*ACTIVITY:*
Return exactly the lines of the records below, starting at the line that contains "d (\<lambda>x. k" and ending at the line that contains "show ?thesis", with both of those lines kept.

Saved entries:
-------------------------
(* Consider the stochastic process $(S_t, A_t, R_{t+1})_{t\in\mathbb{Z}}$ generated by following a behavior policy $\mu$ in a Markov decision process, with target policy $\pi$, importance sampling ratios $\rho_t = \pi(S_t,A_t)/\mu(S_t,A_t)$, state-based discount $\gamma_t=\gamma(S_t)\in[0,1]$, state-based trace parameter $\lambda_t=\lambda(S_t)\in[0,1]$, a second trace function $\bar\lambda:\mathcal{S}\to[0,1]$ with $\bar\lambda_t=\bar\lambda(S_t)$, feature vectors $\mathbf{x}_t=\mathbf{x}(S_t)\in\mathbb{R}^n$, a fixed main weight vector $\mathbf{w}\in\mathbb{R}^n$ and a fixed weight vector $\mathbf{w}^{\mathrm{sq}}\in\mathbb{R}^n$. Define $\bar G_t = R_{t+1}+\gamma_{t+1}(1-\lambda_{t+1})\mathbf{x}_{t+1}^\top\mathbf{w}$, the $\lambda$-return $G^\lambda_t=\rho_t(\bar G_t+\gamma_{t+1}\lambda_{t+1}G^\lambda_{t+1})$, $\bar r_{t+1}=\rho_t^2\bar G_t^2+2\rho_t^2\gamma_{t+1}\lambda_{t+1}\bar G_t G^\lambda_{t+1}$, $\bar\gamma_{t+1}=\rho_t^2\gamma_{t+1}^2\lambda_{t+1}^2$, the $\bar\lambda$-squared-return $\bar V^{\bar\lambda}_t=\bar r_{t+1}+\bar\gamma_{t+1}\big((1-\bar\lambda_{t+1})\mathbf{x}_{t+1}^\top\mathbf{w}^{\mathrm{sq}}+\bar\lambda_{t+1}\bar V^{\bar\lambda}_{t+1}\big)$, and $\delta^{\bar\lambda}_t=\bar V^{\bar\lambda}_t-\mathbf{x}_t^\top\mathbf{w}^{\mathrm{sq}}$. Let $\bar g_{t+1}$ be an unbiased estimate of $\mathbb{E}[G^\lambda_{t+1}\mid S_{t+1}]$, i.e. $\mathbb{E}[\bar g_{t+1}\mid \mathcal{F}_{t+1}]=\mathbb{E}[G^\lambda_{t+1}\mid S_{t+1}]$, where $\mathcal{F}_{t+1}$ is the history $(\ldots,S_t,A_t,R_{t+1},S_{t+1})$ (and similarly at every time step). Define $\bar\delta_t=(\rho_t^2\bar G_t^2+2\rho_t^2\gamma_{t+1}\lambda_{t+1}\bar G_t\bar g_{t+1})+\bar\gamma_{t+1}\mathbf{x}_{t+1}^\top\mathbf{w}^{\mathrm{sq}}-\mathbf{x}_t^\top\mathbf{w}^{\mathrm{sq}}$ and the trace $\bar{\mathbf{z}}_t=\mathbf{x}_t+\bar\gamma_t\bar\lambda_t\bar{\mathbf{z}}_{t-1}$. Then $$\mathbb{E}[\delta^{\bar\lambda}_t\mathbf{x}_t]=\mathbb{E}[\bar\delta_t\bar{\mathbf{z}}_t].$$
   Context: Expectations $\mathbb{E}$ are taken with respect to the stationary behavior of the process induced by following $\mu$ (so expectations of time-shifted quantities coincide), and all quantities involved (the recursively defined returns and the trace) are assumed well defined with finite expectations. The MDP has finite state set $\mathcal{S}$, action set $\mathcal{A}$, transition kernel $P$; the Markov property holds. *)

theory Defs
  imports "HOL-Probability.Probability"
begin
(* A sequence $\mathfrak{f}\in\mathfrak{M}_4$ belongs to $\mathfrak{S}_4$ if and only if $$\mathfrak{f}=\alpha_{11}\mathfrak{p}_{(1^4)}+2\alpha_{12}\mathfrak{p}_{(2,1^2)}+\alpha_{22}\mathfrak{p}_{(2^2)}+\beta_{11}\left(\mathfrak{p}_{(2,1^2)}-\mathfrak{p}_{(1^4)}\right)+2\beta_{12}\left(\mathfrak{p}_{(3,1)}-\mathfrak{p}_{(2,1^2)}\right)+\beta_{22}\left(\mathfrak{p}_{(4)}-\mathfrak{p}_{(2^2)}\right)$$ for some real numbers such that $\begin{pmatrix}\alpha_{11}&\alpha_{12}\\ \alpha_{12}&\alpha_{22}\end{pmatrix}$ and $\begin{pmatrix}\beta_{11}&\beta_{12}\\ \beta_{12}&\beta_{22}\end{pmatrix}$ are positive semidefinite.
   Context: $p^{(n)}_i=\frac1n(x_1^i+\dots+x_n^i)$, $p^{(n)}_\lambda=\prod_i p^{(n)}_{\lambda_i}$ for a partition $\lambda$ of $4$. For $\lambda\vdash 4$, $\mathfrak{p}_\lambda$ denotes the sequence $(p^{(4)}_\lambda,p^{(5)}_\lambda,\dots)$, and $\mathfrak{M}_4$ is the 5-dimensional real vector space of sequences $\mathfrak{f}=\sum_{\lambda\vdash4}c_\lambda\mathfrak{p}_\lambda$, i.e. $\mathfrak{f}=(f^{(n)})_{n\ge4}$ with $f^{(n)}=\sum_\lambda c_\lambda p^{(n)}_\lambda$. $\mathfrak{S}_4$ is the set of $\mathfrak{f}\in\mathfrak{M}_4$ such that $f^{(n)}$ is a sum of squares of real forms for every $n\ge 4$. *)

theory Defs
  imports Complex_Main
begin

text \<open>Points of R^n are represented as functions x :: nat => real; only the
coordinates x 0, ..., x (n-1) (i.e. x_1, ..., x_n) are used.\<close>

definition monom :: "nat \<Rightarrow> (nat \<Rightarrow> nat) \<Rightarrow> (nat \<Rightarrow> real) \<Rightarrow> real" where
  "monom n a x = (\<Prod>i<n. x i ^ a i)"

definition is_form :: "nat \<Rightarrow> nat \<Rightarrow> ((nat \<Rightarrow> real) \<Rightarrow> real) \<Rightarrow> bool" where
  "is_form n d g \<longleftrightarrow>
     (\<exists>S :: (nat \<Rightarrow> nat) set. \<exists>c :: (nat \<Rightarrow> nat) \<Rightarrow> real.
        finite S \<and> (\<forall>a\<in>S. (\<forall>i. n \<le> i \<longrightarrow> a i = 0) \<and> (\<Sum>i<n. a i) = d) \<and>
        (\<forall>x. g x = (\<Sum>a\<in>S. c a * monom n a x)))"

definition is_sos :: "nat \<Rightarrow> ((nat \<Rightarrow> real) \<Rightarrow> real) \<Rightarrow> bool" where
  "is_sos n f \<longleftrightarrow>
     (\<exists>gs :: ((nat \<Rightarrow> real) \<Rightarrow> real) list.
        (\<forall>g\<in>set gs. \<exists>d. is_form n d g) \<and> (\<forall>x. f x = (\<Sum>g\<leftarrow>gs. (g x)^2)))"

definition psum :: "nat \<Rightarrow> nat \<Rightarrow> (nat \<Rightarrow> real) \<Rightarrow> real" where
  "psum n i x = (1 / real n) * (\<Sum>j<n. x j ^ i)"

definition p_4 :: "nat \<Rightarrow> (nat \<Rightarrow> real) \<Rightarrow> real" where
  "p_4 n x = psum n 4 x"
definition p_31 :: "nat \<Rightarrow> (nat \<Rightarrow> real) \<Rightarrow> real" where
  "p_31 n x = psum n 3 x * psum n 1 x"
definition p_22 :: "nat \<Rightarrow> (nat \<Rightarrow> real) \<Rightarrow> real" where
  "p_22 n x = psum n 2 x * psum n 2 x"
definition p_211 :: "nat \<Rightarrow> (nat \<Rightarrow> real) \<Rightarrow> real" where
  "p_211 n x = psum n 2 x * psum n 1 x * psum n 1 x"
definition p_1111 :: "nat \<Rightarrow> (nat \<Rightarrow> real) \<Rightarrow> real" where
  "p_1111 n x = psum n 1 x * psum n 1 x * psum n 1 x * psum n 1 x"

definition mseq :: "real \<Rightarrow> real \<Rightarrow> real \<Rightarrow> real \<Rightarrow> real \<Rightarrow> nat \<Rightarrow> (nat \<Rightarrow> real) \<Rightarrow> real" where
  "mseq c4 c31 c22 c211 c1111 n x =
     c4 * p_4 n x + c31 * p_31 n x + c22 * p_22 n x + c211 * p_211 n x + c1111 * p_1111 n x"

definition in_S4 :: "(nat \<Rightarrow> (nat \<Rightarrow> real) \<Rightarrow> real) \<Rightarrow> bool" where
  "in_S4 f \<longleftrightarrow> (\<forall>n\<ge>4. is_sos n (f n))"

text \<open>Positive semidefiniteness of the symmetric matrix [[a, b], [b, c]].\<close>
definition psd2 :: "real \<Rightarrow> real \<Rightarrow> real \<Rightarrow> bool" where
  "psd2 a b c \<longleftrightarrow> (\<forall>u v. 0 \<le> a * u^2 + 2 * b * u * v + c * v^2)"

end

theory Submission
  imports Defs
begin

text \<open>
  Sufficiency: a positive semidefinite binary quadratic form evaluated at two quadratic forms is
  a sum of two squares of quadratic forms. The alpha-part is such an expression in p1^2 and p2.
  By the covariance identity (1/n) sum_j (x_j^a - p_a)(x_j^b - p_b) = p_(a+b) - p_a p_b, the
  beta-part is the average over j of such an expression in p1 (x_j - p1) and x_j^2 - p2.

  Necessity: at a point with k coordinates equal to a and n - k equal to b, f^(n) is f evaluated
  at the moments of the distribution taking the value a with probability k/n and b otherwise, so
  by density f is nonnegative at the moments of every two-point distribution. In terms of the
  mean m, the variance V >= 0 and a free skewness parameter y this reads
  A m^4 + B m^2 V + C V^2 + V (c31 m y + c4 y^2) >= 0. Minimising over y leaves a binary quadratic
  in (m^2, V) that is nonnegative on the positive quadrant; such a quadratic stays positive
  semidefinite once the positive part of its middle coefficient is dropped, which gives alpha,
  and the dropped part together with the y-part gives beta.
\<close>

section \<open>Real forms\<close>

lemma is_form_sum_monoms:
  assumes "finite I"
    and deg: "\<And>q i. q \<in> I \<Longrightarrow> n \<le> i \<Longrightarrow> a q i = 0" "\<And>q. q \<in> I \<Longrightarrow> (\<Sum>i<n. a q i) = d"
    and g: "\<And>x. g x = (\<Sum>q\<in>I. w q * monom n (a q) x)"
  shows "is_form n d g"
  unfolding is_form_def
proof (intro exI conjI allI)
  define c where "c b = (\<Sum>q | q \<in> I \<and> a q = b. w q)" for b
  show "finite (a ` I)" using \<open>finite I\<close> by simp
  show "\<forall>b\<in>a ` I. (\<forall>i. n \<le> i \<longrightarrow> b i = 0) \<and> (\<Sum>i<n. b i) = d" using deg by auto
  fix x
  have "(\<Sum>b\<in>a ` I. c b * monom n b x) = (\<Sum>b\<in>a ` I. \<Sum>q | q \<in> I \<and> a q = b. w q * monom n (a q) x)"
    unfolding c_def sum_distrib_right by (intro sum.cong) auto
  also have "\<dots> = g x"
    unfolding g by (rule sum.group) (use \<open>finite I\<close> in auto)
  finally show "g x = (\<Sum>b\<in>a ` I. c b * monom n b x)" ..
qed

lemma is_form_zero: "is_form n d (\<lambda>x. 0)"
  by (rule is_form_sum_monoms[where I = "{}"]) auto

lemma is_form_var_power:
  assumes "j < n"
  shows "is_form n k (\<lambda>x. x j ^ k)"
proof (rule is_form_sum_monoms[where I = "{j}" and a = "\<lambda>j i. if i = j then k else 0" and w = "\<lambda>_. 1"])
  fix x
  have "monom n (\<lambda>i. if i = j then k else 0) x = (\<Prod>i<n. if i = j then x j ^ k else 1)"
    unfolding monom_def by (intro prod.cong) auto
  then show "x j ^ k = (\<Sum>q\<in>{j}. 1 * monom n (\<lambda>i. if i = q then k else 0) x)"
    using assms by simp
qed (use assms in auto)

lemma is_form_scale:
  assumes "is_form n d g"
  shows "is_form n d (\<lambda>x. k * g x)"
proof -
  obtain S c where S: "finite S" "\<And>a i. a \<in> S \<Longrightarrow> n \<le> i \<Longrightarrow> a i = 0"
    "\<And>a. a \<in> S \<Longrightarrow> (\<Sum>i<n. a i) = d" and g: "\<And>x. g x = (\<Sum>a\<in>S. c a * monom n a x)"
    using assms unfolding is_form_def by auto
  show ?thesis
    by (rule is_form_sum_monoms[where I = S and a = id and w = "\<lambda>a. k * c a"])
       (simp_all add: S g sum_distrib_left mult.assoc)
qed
-------------------------
*ANSWER SECTION:*
  shows "is_form n d (\<lambda>x. k * g x)"
proof -
  obtain S c where S: "finite S" "\<And>a i. a \<in> S \<Longrightarrow> n \<le> i \<Longrightarrow> a i = 0"
    "\<And>a. a \<in> S \<Longrightarrow> (\<Sum>i<n. a i) = d" and g: "\<And>x. g x = (\<Sum>a\<in>S. c a * monom n a x)"
    using assms unfolding is_form_def by auto
  show ?thesis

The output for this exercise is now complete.